Bland and Better Than Bland
[In the following excerpt, O'Brien argues that Valmont is more sensitive to the underlying humanity of its characters than Stephen Frears' Dangerous Liaisons.]
First things first: Valmont is not a remake of Dangerous Liaisons. Generally, it tells the same story; tonally, it is a completely different, sometimes better, sometimes weaker film. Its source is not the Broadway play, but the original novel; on the other hand, the film's credits declare it is “loosely based” on Laclos's text. Its new flavor reflects the humanistic vision of the director, Milos Forman (twice a big winner at the Oscars with One Flew Over the Cuckoo's Nest and Amadeus), who continues to persist in his faith that nothing human can be wholly vile.
Valmont takes Forman back to the age of Amadeus, pre-French revolutionary Europe; Mozart, conducted again by Neville Marriner, echoes gracefully in its Parisian salons. As in Liaisons, there are chateaux aplenty and a costume feast for the eyes. But Forman gets beneath the pretty surface by drawing in urban lowlife; he never sees through one prism only; one scene of a food-buying spree in an open-air market is an astonishingly fresh, vibrant vision of old-world customs. The film ends in a wedding attended by the king, with Forman hinting, for those who know history, at the fate of the beautiful people of this brittle ancien régime.
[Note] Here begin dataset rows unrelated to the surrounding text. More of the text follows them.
lemma sdot_mult:
  assumes M: "M \<in> carrier_mat N nc" and i: "1 \<le> i" "i < N"
  shows "sdot N i * M = mat N nc (\<lambda>(a,b).
    if a = i - 1 then M $$ (i,b) else if a = i then - M $$ (i - 1,b) else M $$ (a,b))"
proof -
  let ?X = "xmat N i 1" and ?L = "1\<^sub>m N - elem_mat N (i+1) i"
  have "sdot N i * M = ?X * (?L * (?X * M))"
    unfolding sdot_def
    using assoc_mult_mat[OF mult_carrier_mat[OF xmat_carrier lower_elem_carrier] xmat_carrier M]
      assoc_mult_mat[OF xmat_carrier lower_elem_carrier mult_carrier_mat[OF xmat_carrier M]]
    by simp
  also have "?X * M = mat N nc (\<lambda>(a,b). M $$ (a,b) + (if a = i - 1 then 1 * M $$ (i,b) else 0))"
    by (rule xmat_mult[OF M i])
  also have "?L * \<dots> = mat N nc (\<lambda>(a,b). (M $$ (a,b) + (if a = i - 1 then 1 * M $$ (i,b) else 0))
      - (if a = i then M $$ (i - 1,b) + M $$ (i,b) else 0))"
    using i by (subst lower_elem_mult) (auto intro!: eq_matI)
  also have "?X * \<dots> = mat N nc (\<lambda>(a,b).
      if a = i - 1 then M $$ (i,b) else if a = i then - M $$ (i - 1,b) else M $$ (a,b))"
    using i by (subst xmat_mult) (auto intro!: eq_matI)
  finally show ?thesis .
qed

lemma det_sdot: "1 \<le> i \<Longrightarrow> det (sdot N i) = 1"
proof -
  assume i: "1 \<le> i"
  let ?L = "1\<^sub>m N - elem_mat N (i+1) i"
  have "det ?L = (\<Prod>a<N. ?L $$ (a,a))"
    by (rule det_lower_triangular_prod) (auto simp: elem_mat_def)
  also have "\<dots> = 1"
    using i by (intro prod.neutral) (auto simp: elem_mat_def)
  finally have "det ?L = 1" .
  moreover have "det (xmat N i 1) = 1"
    by (rule det_unit_upper_triangular[OF unit_upper_triangular_xmat[OF i]])
  ultimately show ?thesis
    by (simp add: sdot_def det_mult[OF mult_carrier_mat[OF xmat_carrier lower_elem_carrier] xmat_carrier]
      det_mult[OF xmat_carrier lower_elem_carrier])
qed

definition sdot_cycle :: "nat \<Rightarrow> nat \<Rightarrow> complex mat" where
  "sdot_cycle N m = mprod N (map (\<lambda>l. sdot N (m - l)) [0..<m])"

lemma sdot_cycle_carrier [simp]: "sdot_cycle N m \<in> carrier_mat N N"
  unfolding sdot_cycle_def by (rule mprod_carrier) auto

lemma sdot_cycle_eq:
  "m < N \<Longrightarrow> sdot_cycle N m = mat N N (\<lambda>(l,b).
     if l = (if b = 0 then m else if b \<le> m then b - 1 else b) then (if b = 0 then (-1)^m else 1) else 0)"
proof (induction m)
  case 0
  then show ?case by (auto simp: sdot_cycle_def intro: eq_matI)
next
  case (Suc m)
  have "sdot_cycle N (Suc m) = sdot N (Suc m) * sdot_cycle N m"
    by (simp add: sdot_cycle_def upt_conv_Cons map_Suc_upt[symmetric] comp_def del: upt_Suc)
  also have "\<dots> = mat N N (\<lambda>(l,b).
     if l = (if b = 0 then Suc m else if b \<le> Suc m then b - 1 else b) then (if b = 0 then (-1)^Suc m else 1) else 0)"
    unfolding Suc.IH[OF Suc_lessD[OF Suc.prems]] using Suc.prems
    by (subst sdot_mult) (auto intro!: eq_matI)
  finally show ?case .
qed

definition w0_prefix :: "nat \<Rightarrow> nat \<Rightarrow> complex mat" where
  "w0_prefix N m = mprod N (map (sdot_cycle N) [1..<m+1])"

lemma w0dot_eq_w0_prefix: "w0dot n = w0_prefix (n+1) n"
  unfolding w0dot_def w0_prefix_def sdot_cycle_def by (subst mprod_concat) (auto simp: comp_def)

lemma w0_prefix_Suc: "w0_prefix N (Suc m) = w0_prefix N m * sdot_cycle N (Suc m)"
proof -
  have "[1..<Suc m + 1] = [1..<m+1] @ [Suc m]" by simp
  then have "w0_prefix N (Suc m) = w0_prefix N m * mprod N [sdot_cycle N (Suc m)]"
    unfolding w0_prefix_def by (simp only: map_append, subst mprod_append) auto
  then show ?thesis by (simp add: right_mult_one_mat[OF sdot_cycle_carrier])
qed

lemma w0_prefix_eq:
  "m < N \<Longrightarrow> w0_prefix N m = mat N N (\<lambda>(a,b).
     if a \<le> m \<and> b \<le> m then (if a + b = m then (-1)^a else 0) else (if a = b then 1 else 0))"
proof (induction m)
  case 0
  then show ?case by (auto simp: w0_prefix_def)
next
  case (Suc m)
  let ?p = "\<lambda>b. if b = 0 then Suc m else if b \<le> Suc m then b - 1 else b"
  let ?W = "\<lambda>m a b. if a \<le> m \<and> b \<le> m then (if a + b = m then (-1)^a else 0) else (if a = b then 1 else 0 :: complex)"
  have entry: "?W m a (?p b) * (if b = 0 then (-1)^Suc m else 1) = ?W (Suc m) a b" for a b
    by (cases "b = 0"; cases "b \<le> Suc m") auto
  have "w0_prefix N (Suc m) = mat N N (\<lambda>(a,b). ?W m a (?p b) * (if b = 0 then (-1)^Suc m else 1))"
    unfolding w0_prefix_Suc sdot_cycle_eq[OF Suc.prems] Suc.IH[OF Suc_lessD[OF Suc.prems]]
    using Suc.prems by (subst mult_monomial_mat) auto
  also have "\<dots> = mat N N (\<lambda>(a,b). ?W (Suc m) a b)"
    using entry by (intro cong_mat) auto
  finally show ?case .
qed

lemma w0dot_eq: "w0dot n = mat (n+1) (n+1) (\<lambda>(a,b). if a + b = n then (-1)^a else 0)"
  unfolding w0dot_eq_w0_prefix by (subst w0_prefix_eq) auto

lemma w0dot_carrier [simp]: "w0dot n \<in> carrier_mat (n+1) (n+1)"
  by (simp add: w0dot_eq)

lemma det_w0dot: "det (w0dot n) = 1"
  unfolding w0dot_def
  by (rule mprod_closed[where P = "\<lambda>A. A \<in> carrier_mat (n+1) (n+1) \<and> det A = 1", THEN conjunct2])
    (auto simp: det_mult det_sdot)

lemma transpose_w0dot:
  "transpose_mat (w0dot n) = mat (n+1) (n+1) (\<lambda>(l,b). if l = n - b then (-1)^b else 0)"
  by (auto simp: w0dot_eq intro!: eq_matI)

lemma minv_w0dot: "minv (n+1) (w0dot n) = transpose_mat (w0dot n)"
proof -
  have "w0dot n * transpose_mat (w0dot n) = mat (n+1) (n+1) (\<lambda>(a,b). w0dot n $$ (a, n - b) * (-1)^b)"
    unfolding transpose_w0dot by (rule mult_monomial_mat[OF w0dot_carrier]) auto
  also have "\<dots> = 1\<^sub>m (n+1)"
  proof (rule eq_matI)
    fix a b assume "a < dim_row (1\<^sub>m (n+1))" "b < dim_col (1\<^sub>m (n+1))"
    then have "a \<le> n" "b \<le> n" by auto
    then show "mat (n+1) (n+1) (\<lambda>(a,b). w0dot n $$ (a, n - b) * (-1)^b) $$ (a,b) = 1\<^sub>m (n+1) $$ (a,b)"
      by (cases "a = b") (auto simp: w0dot_eq)
  qed auto
  finally have "w0dot n * transpose_mat (w0dot n) = 1\<^sub>m (n+1)" .
  moreover have W: "w0dot n \<in> carrier_mat (n+1) (n+1)" "transpose_mat (w0dot n) \<in> carrier_mat (n+1) (n+1)"
    using w0dot_carrier[of n] by simp_all
  ultimately show ?thesis
    using mat_mult_left_right_inverse[OF W] by (intro minv_eqI[OF W])
qed

section \<open>Minors of \<open>x_c\<close>\<close>

definition right_minor :: "nat \<Rightarrow> nat \<Rightarrow> 'a :: comm_ring_1 mat \<Rightarrow> 'a" where
  "right_minor k r A = det (mat k k (\<lambda>(a,b). A $$ (r + a, dim_col A - k + b)))"

lemma right_minor_add_next_rows:
  assumes M: "M \<in> carrier_mat nr nc" and rk: "r + k < nr" and kc: "k \<le> nc"
    and zero: "\<And>b. b < k \<Longrightarrow> M $$ (r, nc - k + b) = 0"
  shows "right_minor k r (mat nr nc (\<lambda>(a,b).
      M $$ (a,b) + (if r \<le> a \<and> a + 1 < nr then f (a+1) * M $$ (a+1,b) else 0)))
    = (\<Prod>i<k. f (r+1+i)) * right_minor k (r+1) M"
    (is "right_minor k r ?M' = _")
proof -
  \<comment> \<open>in the last \<open>k\<close> columns, rows \<open>r, \<dots>, r+k-1\<close> of the result are a lower bidiagonal
    matrix times rows \<open>r+1, \<dots>, r+k\<close> of \<open>M\<close>; row \<open>r\<close> of \<open>M\<close> would enter but vanishes there\<close>
  define U where "U = mat k k (\<lambda>(i,j). if j = i then f (r+1+i) else if j + 1 = i then 1 else 0)"
  define T where "T = mat k k (\<lambda>(i,b). M $$ (r+1+i, nc-k+b))"
  have U: "U \<in> carrier_mat k k" and T: "T \<in> carrier_mat k k" by (simp_all add: U_def T_def)
  have block: "mat k k (\<lambda>(i,b). M $$ (r+i, nc-k+b) + f (r+i+1) * M $$ (r+i+1, nc-k+b)) = U * T"
  proof (rule eq_matI)
    fix i b assume "i < dim_row (U * T)" "b < dim_col (U * T)"
    then have i: "i < k" and b: "b < k" using U T by auto
    have "(U * T) $$ (i,b) = (\<Sum>j<k. U $$ (i,j) * T $$ (j,b))"
      by (rule index_mult_mat_sum[OF U T i b])
    also have "\<dots> = (\<Sum>j<k. (if j = i then f (r+1+i) * T $$ (i,b) else 0)
        + (if j = i - 1 then (if 1 \<le> i then T $$ (i - 1,b) else 0) else 0))"
      using i by (intro sum.cong) (auto simp: U_def)
    also have "\<dots> = f (r+1+i) * T $$ (i,b) + (if 1 \<le> i then T $$ (i - 1,b) else 0)"
      using i by (simp add: sum.distrib) linarith
    also have "\<dots> = M $$ (r+i, nc-k+b) + f (r+i+1) * M $$ (r+i+1, nc-k+b)"
      using i b zero[OF b] by (cases i) (auto simp: T_def)
    finally show "mat k k (\<lambda>(i,b). M $$ (r+i, nc-k+b) + f (r+i+1) * M $$ (r+i+1, nc-k+b)) $$ (i,b)
        = (U * T) $$ (i,b)" using i b by simp
  qed (use U T in auto)
  have "mat k k (\<lambda>(a,b). ?M' $$ (r + a, dim_col ?M' - k + b)) = U * T"
    unfolding block[symmetric] using rk kc by (intro cong_mat) auto
  then have "right_minor k r ?M' = det U * det T"
    unfolding right_minor_def by (simp add: det_mult[OF U T])
  moreover have "det T = right_minor k (r+1) M"
    using M by (simp add: right_minor_def T_def)
  moreover have "det U = (\<Prod>i<k. f (r+1+i))"
    by (subst det_lower_triangular_prod[OF _ U]) (auto simp: U_def)
  ultimately show ?thesis by simp
qed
The major force in the film, as in Liaisons, is not the title character, an aristocratic rake, but his ally in seductions, the manipulative Marquise de Meurteuil, here a remarkable discovery. Forman loves to cast less well-known actors in major parts exactly for the freshness of their impact on the audience; for the Marquise, he relies on England's Annette Benning, who serves the purpose perfectly. Benning brings to the role different skills and glamour than Glenn Close did in Liaisons. Benning is a lithe, visual stunner; her gowns have the right light grace of the 1780s; in one elegant, authentic chinoiserie bathrobe she's at her glamorous best and moral worst. Benning doesn't rage as colorfully as Close, but is better at wit and mischief. In the early scenes, she is also shown enduring betrayal in love; her revenge plans against the world are given full motive. In line with Forman's attempt to humanize monsters (cf. Salieri), his monsters are always first shown to be human.
Forman also uses minor actors wonderfully. Jeffrey Jones, using the same gift for personifying the stiff pomp of his emperor in Amadeus, is fine as the lover who betrays Benning; the elderly Fabia Drake (sometimes on Miss Marple) plays Valmont's elderly aunt and gives a lesson in crafty professionalism. At first almost senile, she comes on as a strong, shrewd observer, with a gem-like final gesture that seals Forman's claim that something good can even come of evil. Surprisingly, Valmont is a better, deeper version of “immediate family.” Forman won't bow to the god Irony.
Still, this is no masterpiece. Meg Tilly competently plays the innocent young married woman seduced by Valmont, but lacks the radiance of Michelle Pfeiffer in Liaisons. England's Colin Firth plays Valmont well, but the part is vaguely written. Forman tries to make Firth the movie's center, but forgets to give the character enough of one himself. From the beginning of Valmont, he is a rake searching for something better; in Liaisons, he only discovers values very late. As awkward as that was, the alternative isn't better: watching a character wrestle with equivocations is often tedious. Here you want to scream, “fish or cut bait.” The trick, which Forman misses, was to get Valmont to express conflict but without seeming like a paralyzed, Hamlet-like pre-Romantic.
Critics will constantly compare this film with Liaisons. Beware of any who overrate its faults, which are real, without an honest discussion of the ideological differences between the two movies. Ideology plays a heavy role in criticism, which expresses judgments but also often masks them. Forman will probably come in for some rough treatment because he has humanized, at times even sentimentalized, Laclos's novel. But this is only another way of saying his critics buy the cynical, ultra-ironic ideology which is the intellectual black hole of our age and which brightened the luster of Liaisons. Forman, having survived the mid-twentieth century in Eastern Europe, doesn't know the luxury of not giving a damn. One can only respect his blithe earnestness about caring.